Improve CVE entry management in OSV

hogo6002 commented 3 months ago

The current OSV structure combines vulnerability data from different resources (e.g., NVD, Alpine, Debian) into a single CVE entry based on shared CVE IDs. This approach leads to overly large and difficult to maintain CVE entries. With Ubuntu also publishing its security tracker data to OSV.dev using CVE IDs, this issue will likely worsen.

We probably need a better solution for managing CVE entries. One idea is to add a source-specific prefix or suffix to the CVE ID, creating separate entries for each data source. For example, Alpine-CVE-2024-0001 and Debian-CVE-2024-0001 would be displayed as two distinct records on OSV.dev.

dodys commented 3 months ago

As someone that does not have a view of the whole osv.dev machinery, I think the main question is, why would you want to combine CVE entries?

hogo6002 commented 3 months ago

why would you want to combine CVE entries?

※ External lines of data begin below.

(* Let $T:\mathbf{Set}\to\mathbf{Set}$ be a functor and $\Lambda$ a strongly expressive set of monotone singleton-preserving predicate liftings for $T$. Let $(X,\xi)$ be a $T$-coalgebra and let $\lambda_1,\dots,\lambda_k$ be $k$-ary monotone singleton-preserving predicate liftings for $T$, each obtained from a member of $\Lambda$ by reordering, duplicating and/or adding dummy arguments. Let $(A_1,\dots,A_k)$ be the greatest fixed point (w.r.t. componentwise inclusion) of the monotone map $h:(\mathcal{P}X)^k\to(\mathcal{P}X)^k$, $$h(X_1,\dots,X_k)=\big(\xi^{-1}[\lambda_{1,X}(X_1,\dots,X_k)],\dots,\xi^{-1}[\lambda_{k,X}(X_1,\dots,X_k)]\big).$$ Then for each $i$, all elements of $A_i$ are behaviourally equivalent to each other, and for all $i,j$ either $A_i\cap A_j=\varnothing$ or $A_i=A_j$.
   Context: An $n$-ary predicate lifting for $T$ is a family $\lambda_X:(\mathcal{P}X)^n\to\mathcal{P}(TX)$ natural w.r.t. preimages ($\lambda_X(f^{-1}[A_1],\dots,f^{-1}[A_n])=(Tf)^{-1}[\lambda_Y(A_1,\dots,A_n)]$); monotone if monotone in every argument; singleton-preserving if $|\lambda_X(\{x_1\},\dots,\{x_n\})|=1$ always. $\Lambda$ is strongly expressive if for every set $X$ and $t\in TX$ there exist $\lambda/n\in\Lambda$ and $x_i\in X$ with $\{t\}=\lambda_X(\{x_1\},\dots,\{x_n\})$. A $T$-coalgebra is $(X,\xi)$ with $\xi:X\to TX$; coalgebra morphisms $h$ satisfy $Th\circ\xi=\zeta\circ h$; two states are behaviourally equivalent if some pair of coalgebra morphisms into a common coalgebra identifies them. *)

theory Defs
  imports "HOL-Library.FuncSet"
begin

text \<open>Set functors are modelled on the subsets of a universe type 'u:
  TX X is the set T(X) (a subset of the type 't) and Tmap X Y f is T f,
  for f a function from X to Y (only its values on X matter).\<close>

definition set_functor ::
  "('u set \<Rightarrow> 't set) \<Rightarrow> ('u set \<Rightarrow> 'u set \<Rightarrow> ('u \<Rightarrow> 'u) \<Rightarrow> 't \<Rightarrow> 't) \<Rightarrow> bool" where
  "set_functor TX Tmap \<longleftrightarrow>
     (\<forall>X Y f. f \<in> X \<rightarrow> Y \<longrightarrow> Tmap X Y f \<in> TX X \<rightarrow> TX Y) \<and>
     (\<forall>X Y f g t. f \<in> X \<rightarrow> Y \<longrightarrow> (\<forall>x\<in>X. f x = g x) \<longrightarrow> t \<in> TX X \<longrightarrow>
        Tmap X Y f t = Tmap X Y g t) \<and>
     (\<forall>X t. t \<in> TX X \<longrightarrow> Tmap X X id t = t) \<and>
     (\<forall>X Y Z f g t. f \<in> X \<rightarrow> Y \<longrightarrow> g \<in> Y \<rightarrow> Z \<longrightarrow> t \<in> TX X \<longrightarrow>
        Tmap X Z (g \<circ> f) t = Tmap Y Z g (Tmap X Y f t))"

definition pred_lifting ::
  "('u set \<Rightarrow> 't set) \<Rightarrow> ('u set \<Rightarrow> 'u set \<Rightarrow> ('u \<Rightarrow> 'u) \<Rightarrow> 't \<Rightarrow> 't) \<Rightarrow> nat
     \<Rightarrow> ('u set \<Rightarrow> 'u set list \<Rightarrow> 't set) \<Rightarrow> bool" where
  "pred_lifting TX Tmap n l \<longleftrightarrow>
     (\<forall>X As. length As = n \<longrightarrow> set As \<subseteq> Pow X \<longrightarrow> l X As \<subseteq> TX X) \<and>
     (\<forall>X Y f As. f \<in> X \<rightarrow> Y \<longrightarrow> length As = n \<longrightarrow> set As \<subseteq> Pow Y \<longrightarrow>
        l X (map (\<lambda>A. f -` A \<inter> X) As) = {t \<in> TX X. Tmap X Y f t \<in> l Y As})"

definition monotone_lifting :: "nat \<Rightarrow> ('u set \<Rightarrow> 'u set list \<Rightarrow> 't set) \<Rightarrow> bool" where
  "monotone_lifting n l \<longleftrightarrow>
     (\<forall>X As Bs. length As = n \<longrightarrow> length Bs = n \<longrightarrow> set Bs \<subseteq> Pow X \<longrightarrow>
        (\<forall>i<n. As ! i \<subseteq> Bs ! i) \<longrightarrow> l X As \<subseteq> l X Bs)"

The initial reason was that Alpine SecDB uses CVE IDs to publish their vulnerabilities. So, we created a tool to combine their data into our existing CVEs, as long as they use the same vulnerability ID. Then, we wanted to add Debian security tracker data into our OSV to better support container scanning, so we continued to combine everything into our CVE entries to keep it consistent, as the Debian security tracker also uses CVE IDs.

However, the problem now is that we continue to combine more and more data into a single record, increasing the difficulty of our maintenance. So, we are considering some better changes to this approach.

dodys commented 3 months ago

why would you want to combine CVE entries?

The initial reason was that Alpine SecDB uses CVE IDs to publish their vulnerabilities. So, we created a tool to combine their data into our existing CVEs, as long as they use the same vulnerability ID. Then, we wanted to add Debian security tracker data into our OSV to better support container scanning, so we continued to combine everything into our CVE entries to keep it consistent, as the Debian security tracker also uses CVE IDs.

However, the problem now is that we continue to combine more and more data into a single record, increasing the difficulty of our maintenance. So, we are considering some better changes to this approach.

From your first message, the thing that is not clear to me is, if you are not going to combine CVEs anymore, then why would you need to still add the prefixes (e.g. Debian-CVE-2024-0001) ? Aren't those completely separate buckets?

oliverchang commented 3 months ago

why would you want to combine CVE entries?

The initial reason was that Alpine SecDB uses CVE IDs to publish their vulnerabilities. So, we created a tool to combine their data into our existing CVEs, as long as they use the same vulnerability ID. Then, we wanted to add Debian security tracker data into our OSV to better support container scanning, so we continued to combine everything into our CVE entries to keep it consistent, as the Debian security tracker also uses CVE IDs. However, the problem now is that we continue to combine more and more data into a single record, increasing the difficulty of our maintenance. So, we are considering some better changes to this approach.

From your first message, the thing that is not clear to me is, if you are not going to combine CVEs anymore, then why would you need to still add the prefixes (e.g. Debian-CVE-2024-0001) ? Aren't those completely separate buckets?

For OSV, ID prefixes must be unique, and be associated with a home database. Debian security tracker, Alpine etc didn't have a unique ID before, so we were combining them into a single CVE record. If we don't combine them, then they would need their own prefix.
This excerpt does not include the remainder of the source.